WORK TASK -
All lines of the following material must be written out exactly as they appear.

THE RECORDS -
lemma Liminf_at_bot_pos_imp_bounded_below:
  fixes f :: "real \<Rightarrow> real"
  assumes cont: "continuous_on UNIV f"
    and pos: "\<And>x. f x > 0"
    and liminf: "Liminf at_bot (\<lambda>x. ereal (f x)) > 0"
  shows "\<exists>c>0. \<forall>x\<le>K. c \<le> f x"
proof -
  obtain z where z: "0 < ereal z" "ereal z < Liminf at_bot (\<lambda>x. ereal (f x))"
    using ereal_dense2[OF liminf] by blast
  obtain M where M: "\<And>x. x \<le> M \<Longrightarrow> z < f x"
    using less_LiminfD[OF z(2)] by (auto simp: eventually_at_bot_linorder)
  have "continuous_on {M..max M K} f" "{M..max M K} \<noteq> {}"
    using continuous_on_subset[OF cont] by auto
  then obtain m where m: "\<And>x. x \<in> {M..max M K} \<Longrightarrow> f m \<le> f x"
    using continuous_attains_inf[OF compact_Icc] by blast
  have "min z (f m) \<le> f x" if "x \<le> K" for x
    using M[of x] m[of x] that by (cases "x \<le> M") auto
  moreover have "min z (f m) > 0" using z pos by simp
  ultimately show ?thesis by blast
qed

lemma filterlim_at_top_if_values_tendsto_zero:
  fixes f :: "real \<Rightarrow> real"
  assumes bounded: "\<And>K. \<exists>c>0. \<forall>x\<le>K. c \<le> f x"
    and lim: "((\<lambda>t. f (y t)) \<longlongrightarrow> 0) F"
  shows "filterlim y at_top F"
  unfolding filterlim_at_top
proof
  fix K
  obtain c where c: "c > 0" "\<And>x. x \<le> K \<Longrightarrow> c \<le> f x" using bounded by blast
  show "\<forall>\<^sub>F t in F. K \<le> y t"
    using order_tendstoD(2)[OF lim \<open>c > 0\<close>]
    by (rule eventually_mono) (metis c(2) linorder_not_le order.strict_implies_order)
qed

lemma filterlim_diff_at_top_if_ln_ratio_at_top:
  fixes y1 y2 :: "'a \<Rightarrow> real" and f :: "real \<Rightarrow> real"
  assumes pos: "\<And>s. X \<le> s \<Longrightarrow> f s > 0"
    and nonincr: "\<And>s t. X \<le> s \<Longrightarrow> s \<le> t \<Longrightarrow> f t \<le> f s"
    and ln_mono: "\<And>s t. X \<le> s \<Longrightarrow> s \<le> t \<Longrightarrow> ln (f s) + s \<le> ln (f t) + t"
    and y1: "filterlim y1 at_top F" and y2: "filterlim y2 at_top F"
    and ratio: "filterlim (\<lambda>x. ln (f (y2 x)) - ln (f (y1 x))) at_top F"
  shows "filterlim (\<lambda>x. y1 x - y2 x) at_top F"
proof (rule filterlim_at_top_mono[OF ratio])
  show "\<forall>\<^sub>F x in F. ln (f (y2 x)) - ln (f (y1 x)) \<le> y1 x - y2 x"
    using filterlim_at_top_dense[THEN iffD1, OF ratio, rule_format, of 0]
      filterlim_at_top[THEN iffD1, OF y1, rule_format, of X]
      filterlim_at_top[THEN iffD1, OF y2, rule_format, of X]
  proof eventually_elim
    case (elim x)
    have "y2 x \<le> y1 x"
    proof (rule ccontr)
      assume "\<not> y2 x \<le> y1 x"
      then have "f (y2 x) \<le> f (y1 x)" using nonincr elim by simp
      then show False using elim pos by simp
    qed
    then show ?case using ln_mono[of "y2 x" "y1 x"] elim by simp
  qed
qed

SOLUTION FOR THIS TASK -
lemma Liminf_at_bot_pos_imp_bounded_below:
  fixes f :: "real \<Rightarrow> real"
  assumes cont: "continuous_on UNIV f"
    and pos: "\<And>x. f x > 0"
    and liminf: "Liminf at_bot (\<lambda>x. ereal (f x)) > 0"
  shows "\<exists>c>0. \<forall>x\<le>K. c \<le> f x"
proof -
  obtain z where z: "0 < ereal z" "ereal z < Liminf at_bot (\<lambda>x. ereal (f x))"
    using ereal_dense2[OF liminf] by blast
  obtain M where M: "\<And>x. x \<le> M \<Longrightarrow> z < f x"
    using less_LiminfD[OF z(2)] by (auto simp: eventually_at_bot_linorder)
  have "continuous_on {M..max M K} f" "{M..max M K} \<noteq> {}"
    using continuous_on_subset[OF cont] by auto
  then obtain m where m: "\<And>x. x \<in> {M..max M K} \<Longrightarrow> f m \<le> f x"
    using continuous_attains_inf[OF compact_Icc] by blast
  have "min z (f m) \<le> f x" if "x \<le> K" for x
    using M[of x] m[of x] that by (cases "x \<le> M") auto
  moreover have "min z (f m) > 0" using z pos by simp
  ultimately show ?thesis by blast
qed

lemma filterlim_at_top_if_values_tendsto_zero:
  fixes f :: "real \<Rightarrow> real"
  assumes bounded: "\<And>K. \<exists>c>0. \<forall>x\<le>K. c \<le> f x"
    and lim: "((\<lambda>t. f (y t)) \<longlongrightarrow> 0) F"
  shows "filterlim y at_top F"
  unfolding filterlim_at_top
proof
  fix K
  obtain c where c: "c > 0" "\<And>x. x \<le> K \<Longrightarrow> c \<le> f x" using bounded by blast
  show "\<forall>\<^sub>F t in F. K \<le> y t"
    using order_tendstoD(2)[OF lim \<open>c > 0\<close>]
    by (rule eventually_mono) (metis c(2) linorder_not_le order.strict_implies_order)
qed

lemma filterlim_diff_at_top_if_ln_ratio_at_top:
  fixes y1 y2 :: "'a \<Rightarrow> real" and f :: "real \<Rightarrow> real"
  assumes pos: "\<And>s. X \<le> s \<Longrightarrow> f s > 0"
    and nonincr: "\<And>s t. X \<le> s \<Longrightarrow> s \<le> t \<Longrightarrow> f t \<le> f s"
    and ln_mono: "\<And>s t. X \<le> s \<Longrightarrow> s \<le> t \<Longrightarrow> ln (f s) + s \<le> ln (f t) + t"
    and y1: "filterlim y1 at_top F" and y2: "filterlim y2 at_top F"
    and ratio: "filterlim (\<lambda>x. ln (f (y2 x)) - ln (f (y1 x))) at_top F"
  shows "filterlim (\<lambda>x. y1 x - y2 x) at_top F"
proof (rule filterlim_at_top_mono[OF ratio])
  show "\<forall>\<^sub>F x in F. ln (f (y2 x)) - ln (f (y1 x)) \<le> y1 x - y2 x"
    using filterlim_at_top_dense[THEN iffD1, OF ratio, rule_format, of 0]
      filterlim_at_top[THEN iffD1, OF y1, rule_format, of X]
      filterlim_at_top[THEN iffD1, OF y2, rule_format, of X]
  proof eventually_elim
    case (elim x)
    have "y2 x \<le> y1 x"
    proof (rule ccontr)
      assume "\<not> y2 x \<le> y1 x"
      then have "f (y2 x) \<le> f (y1 x)" using nonincr elim by simp
      then show False using elim pos by simp
    qed
    then show ?case using ln_mono[of "y2 x" "y1 x"] elim by simp
  qed
qed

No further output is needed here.